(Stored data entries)
....

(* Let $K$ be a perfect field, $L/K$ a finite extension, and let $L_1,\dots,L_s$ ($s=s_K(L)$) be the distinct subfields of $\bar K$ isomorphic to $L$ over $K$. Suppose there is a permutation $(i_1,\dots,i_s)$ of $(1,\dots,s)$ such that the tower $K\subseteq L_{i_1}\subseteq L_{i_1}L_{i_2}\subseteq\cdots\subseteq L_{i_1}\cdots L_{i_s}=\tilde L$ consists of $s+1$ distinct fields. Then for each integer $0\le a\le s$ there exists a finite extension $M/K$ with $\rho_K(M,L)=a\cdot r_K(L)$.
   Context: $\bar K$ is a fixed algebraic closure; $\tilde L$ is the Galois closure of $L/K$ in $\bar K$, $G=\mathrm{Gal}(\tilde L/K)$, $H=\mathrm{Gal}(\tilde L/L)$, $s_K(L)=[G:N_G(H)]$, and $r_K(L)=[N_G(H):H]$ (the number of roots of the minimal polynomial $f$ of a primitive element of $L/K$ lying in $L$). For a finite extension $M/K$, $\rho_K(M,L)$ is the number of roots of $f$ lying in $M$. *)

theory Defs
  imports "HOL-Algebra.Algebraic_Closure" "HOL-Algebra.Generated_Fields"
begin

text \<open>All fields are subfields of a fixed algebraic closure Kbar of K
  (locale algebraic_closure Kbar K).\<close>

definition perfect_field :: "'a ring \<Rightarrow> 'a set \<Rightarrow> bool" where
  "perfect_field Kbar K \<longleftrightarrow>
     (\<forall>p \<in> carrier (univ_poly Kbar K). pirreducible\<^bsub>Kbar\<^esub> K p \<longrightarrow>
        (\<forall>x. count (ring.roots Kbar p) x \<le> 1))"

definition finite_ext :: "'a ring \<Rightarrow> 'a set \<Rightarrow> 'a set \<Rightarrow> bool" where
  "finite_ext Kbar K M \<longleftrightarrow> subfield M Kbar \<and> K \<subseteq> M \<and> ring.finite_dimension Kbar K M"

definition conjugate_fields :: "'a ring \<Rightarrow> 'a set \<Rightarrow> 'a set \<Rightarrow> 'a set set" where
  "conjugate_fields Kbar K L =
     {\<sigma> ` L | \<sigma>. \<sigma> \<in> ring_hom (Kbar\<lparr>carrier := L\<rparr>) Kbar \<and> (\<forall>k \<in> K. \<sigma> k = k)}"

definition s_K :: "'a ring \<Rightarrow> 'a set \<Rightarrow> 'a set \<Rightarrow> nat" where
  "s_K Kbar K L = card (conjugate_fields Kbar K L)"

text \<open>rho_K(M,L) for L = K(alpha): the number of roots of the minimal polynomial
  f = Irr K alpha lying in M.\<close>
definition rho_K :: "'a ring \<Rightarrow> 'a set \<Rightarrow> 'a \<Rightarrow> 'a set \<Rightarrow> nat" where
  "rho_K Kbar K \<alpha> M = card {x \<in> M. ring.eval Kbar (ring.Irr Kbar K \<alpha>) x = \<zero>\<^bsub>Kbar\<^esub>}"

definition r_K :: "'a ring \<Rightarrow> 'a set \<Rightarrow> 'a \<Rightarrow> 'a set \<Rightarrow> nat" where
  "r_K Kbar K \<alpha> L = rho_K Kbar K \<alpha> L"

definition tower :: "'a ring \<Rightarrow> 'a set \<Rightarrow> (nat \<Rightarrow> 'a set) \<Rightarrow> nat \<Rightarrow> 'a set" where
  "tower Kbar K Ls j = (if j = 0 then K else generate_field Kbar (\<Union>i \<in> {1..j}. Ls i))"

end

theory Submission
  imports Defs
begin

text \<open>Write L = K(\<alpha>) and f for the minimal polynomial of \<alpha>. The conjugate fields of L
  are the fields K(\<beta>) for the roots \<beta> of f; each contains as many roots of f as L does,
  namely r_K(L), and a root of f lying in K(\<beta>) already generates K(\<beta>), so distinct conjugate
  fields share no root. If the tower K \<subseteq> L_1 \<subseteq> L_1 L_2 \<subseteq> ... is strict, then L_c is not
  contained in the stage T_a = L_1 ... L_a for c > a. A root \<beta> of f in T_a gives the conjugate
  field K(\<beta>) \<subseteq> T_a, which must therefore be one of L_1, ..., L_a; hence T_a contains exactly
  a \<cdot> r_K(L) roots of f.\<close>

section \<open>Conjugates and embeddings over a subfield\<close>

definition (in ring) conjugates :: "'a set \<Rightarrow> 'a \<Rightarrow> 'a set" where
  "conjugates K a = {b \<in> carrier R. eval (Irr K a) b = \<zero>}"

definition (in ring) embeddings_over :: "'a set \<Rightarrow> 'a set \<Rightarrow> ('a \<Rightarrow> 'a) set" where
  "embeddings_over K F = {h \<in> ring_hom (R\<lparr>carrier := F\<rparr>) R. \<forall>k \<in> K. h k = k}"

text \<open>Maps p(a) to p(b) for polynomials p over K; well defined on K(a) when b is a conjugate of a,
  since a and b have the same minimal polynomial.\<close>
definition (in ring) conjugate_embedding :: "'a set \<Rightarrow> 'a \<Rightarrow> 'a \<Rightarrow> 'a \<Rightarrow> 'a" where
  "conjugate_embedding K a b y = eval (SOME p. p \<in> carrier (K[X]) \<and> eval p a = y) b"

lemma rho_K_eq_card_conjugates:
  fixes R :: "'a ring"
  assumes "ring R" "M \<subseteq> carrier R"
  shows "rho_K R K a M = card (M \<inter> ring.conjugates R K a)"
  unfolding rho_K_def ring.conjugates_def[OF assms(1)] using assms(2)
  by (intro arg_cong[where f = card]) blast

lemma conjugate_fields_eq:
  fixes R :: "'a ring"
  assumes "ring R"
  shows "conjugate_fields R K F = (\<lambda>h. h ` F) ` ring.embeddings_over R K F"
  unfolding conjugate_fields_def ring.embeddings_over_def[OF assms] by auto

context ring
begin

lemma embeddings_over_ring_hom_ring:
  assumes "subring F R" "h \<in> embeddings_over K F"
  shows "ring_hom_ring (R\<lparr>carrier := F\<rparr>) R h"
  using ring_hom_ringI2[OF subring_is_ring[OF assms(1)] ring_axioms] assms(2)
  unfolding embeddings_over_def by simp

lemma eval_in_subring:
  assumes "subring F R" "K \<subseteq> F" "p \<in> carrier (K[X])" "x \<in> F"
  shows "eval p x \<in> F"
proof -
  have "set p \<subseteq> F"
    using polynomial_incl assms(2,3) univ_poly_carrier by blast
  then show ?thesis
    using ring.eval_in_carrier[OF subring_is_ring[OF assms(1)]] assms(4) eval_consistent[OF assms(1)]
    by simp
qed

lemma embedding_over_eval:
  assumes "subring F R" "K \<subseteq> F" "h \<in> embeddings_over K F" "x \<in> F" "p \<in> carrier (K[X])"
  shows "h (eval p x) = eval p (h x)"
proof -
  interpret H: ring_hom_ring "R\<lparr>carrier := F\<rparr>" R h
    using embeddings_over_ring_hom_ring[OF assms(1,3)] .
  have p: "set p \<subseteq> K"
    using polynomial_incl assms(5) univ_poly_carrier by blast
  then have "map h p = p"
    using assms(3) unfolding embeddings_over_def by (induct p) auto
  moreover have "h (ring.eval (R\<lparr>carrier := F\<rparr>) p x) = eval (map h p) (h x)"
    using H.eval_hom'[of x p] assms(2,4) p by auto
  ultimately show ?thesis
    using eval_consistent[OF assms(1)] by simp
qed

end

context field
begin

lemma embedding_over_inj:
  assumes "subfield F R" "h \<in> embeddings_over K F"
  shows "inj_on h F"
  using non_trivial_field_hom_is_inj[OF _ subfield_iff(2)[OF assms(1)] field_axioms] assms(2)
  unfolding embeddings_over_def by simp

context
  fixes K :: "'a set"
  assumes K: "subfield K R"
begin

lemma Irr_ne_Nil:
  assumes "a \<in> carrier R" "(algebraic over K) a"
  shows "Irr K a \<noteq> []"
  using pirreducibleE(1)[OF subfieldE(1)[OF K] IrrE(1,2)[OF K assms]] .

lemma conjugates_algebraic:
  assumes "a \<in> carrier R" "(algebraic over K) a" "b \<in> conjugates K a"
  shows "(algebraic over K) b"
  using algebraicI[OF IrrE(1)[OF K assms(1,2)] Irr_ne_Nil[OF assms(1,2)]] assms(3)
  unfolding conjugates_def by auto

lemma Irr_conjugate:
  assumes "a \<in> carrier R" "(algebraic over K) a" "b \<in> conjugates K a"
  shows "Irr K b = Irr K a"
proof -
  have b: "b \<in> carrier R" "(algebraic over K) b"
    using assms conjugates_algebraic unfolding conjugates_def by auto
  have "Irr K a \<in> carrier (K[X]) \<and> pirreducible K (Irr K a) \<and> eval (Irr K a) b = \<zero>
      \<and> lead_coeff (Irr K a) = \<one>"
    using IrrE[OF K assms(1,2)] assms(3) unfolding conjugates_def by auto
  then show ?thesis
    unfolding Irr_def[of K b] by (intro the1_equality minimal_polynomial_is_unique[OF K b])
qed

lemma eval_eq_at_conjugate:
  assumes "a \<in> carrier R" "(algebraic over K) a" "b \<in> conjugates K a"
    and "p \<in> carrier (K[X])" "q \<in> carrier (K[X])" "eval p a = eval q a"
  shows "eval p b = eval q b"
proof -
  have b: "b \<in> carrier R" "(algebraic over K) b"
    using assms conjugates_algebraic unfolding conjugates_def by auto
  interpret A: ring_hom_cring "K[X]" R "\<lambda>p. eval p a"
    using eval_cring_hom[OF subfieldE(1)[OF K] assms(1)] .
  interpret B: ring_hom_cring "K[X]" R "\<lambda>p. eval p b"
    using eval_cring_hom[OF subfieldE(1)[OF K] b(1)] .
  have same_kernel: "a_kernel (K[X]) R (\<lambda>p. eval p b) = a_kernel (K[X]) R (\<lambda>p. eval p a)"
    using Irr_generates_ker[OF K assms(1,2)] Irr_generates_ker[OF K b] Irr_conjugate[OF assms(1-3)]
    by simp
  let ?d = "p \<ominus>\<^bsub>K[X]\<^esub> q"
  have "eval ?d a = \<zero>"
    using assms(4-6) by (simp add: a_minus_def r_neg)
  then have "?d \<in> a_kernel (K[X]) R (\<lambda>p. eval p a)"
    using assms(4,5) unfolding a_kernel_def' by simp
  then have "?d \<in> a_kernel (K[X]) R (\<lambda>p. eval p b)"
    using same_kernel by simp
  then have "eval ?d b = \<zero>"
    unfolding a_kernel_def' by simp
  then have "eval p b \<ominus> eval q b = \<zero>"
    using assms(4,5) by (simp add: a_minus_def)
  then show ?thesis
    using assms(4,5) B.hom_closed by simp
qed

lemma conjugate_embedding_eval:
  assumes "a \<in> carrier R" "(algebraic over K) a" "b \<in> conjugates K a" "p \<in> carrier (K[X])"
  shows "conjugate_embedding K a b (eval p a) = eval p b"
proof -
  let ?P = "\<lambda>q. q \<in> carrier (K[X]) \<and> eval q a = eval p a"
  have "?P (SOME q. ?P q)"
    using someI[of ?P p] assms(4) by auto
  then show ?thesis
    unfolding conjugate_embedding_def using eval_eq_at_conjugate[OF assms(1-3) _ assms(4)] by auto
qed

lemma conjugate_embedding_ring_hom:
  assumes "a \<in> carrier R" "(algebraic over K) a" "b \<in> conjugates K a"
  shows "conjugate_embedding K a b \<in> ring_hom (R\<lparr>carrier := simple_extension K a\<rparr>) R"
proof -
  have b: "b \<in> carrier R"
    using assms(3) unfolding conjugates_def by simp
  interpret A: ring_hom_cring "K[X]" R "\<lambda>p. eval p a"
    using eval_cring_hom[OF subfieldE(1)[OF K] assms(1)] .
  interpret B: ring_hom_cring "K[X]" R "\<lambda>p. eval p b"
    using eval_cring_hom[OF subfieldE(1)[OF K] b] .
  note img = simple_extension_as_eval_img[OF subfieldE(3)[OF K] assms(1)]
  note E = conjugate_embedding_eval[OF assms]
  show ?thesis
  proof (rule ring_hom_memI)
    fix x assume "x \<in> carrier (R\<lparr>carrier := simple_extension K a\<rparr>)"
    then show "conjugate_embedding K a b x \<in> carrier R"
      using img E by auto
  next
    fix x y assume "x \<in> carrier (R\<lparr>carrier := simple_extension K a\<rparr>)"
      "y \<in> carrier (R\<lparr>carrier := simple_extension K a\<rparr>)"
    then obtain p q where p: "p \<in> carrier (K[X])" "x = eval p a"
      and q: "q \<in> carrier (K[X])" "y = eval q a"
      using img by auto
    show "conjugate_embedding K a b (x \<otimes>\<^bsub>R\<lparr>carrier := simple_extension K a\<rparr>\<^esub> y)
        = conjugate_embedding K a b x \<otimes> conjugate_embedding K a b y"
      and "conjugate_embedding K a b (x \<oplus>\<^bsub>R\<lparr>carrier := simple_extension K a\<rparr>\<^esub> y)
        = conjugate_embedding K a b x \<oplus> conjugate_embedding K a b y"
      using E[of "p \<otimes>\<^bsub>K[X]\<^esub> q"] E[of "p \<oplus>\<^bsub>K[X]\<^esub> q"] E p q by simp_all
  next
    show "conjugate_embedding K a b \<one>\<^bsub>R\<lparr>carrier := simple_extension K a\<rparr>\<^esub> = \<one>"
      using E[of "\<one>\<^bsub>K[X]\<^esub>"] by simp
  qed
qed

....

EXERCISE: Report how many lines of the data above include "subfieldE", giving the number and no other words.

OUTPUT FOR THIS TASK: 6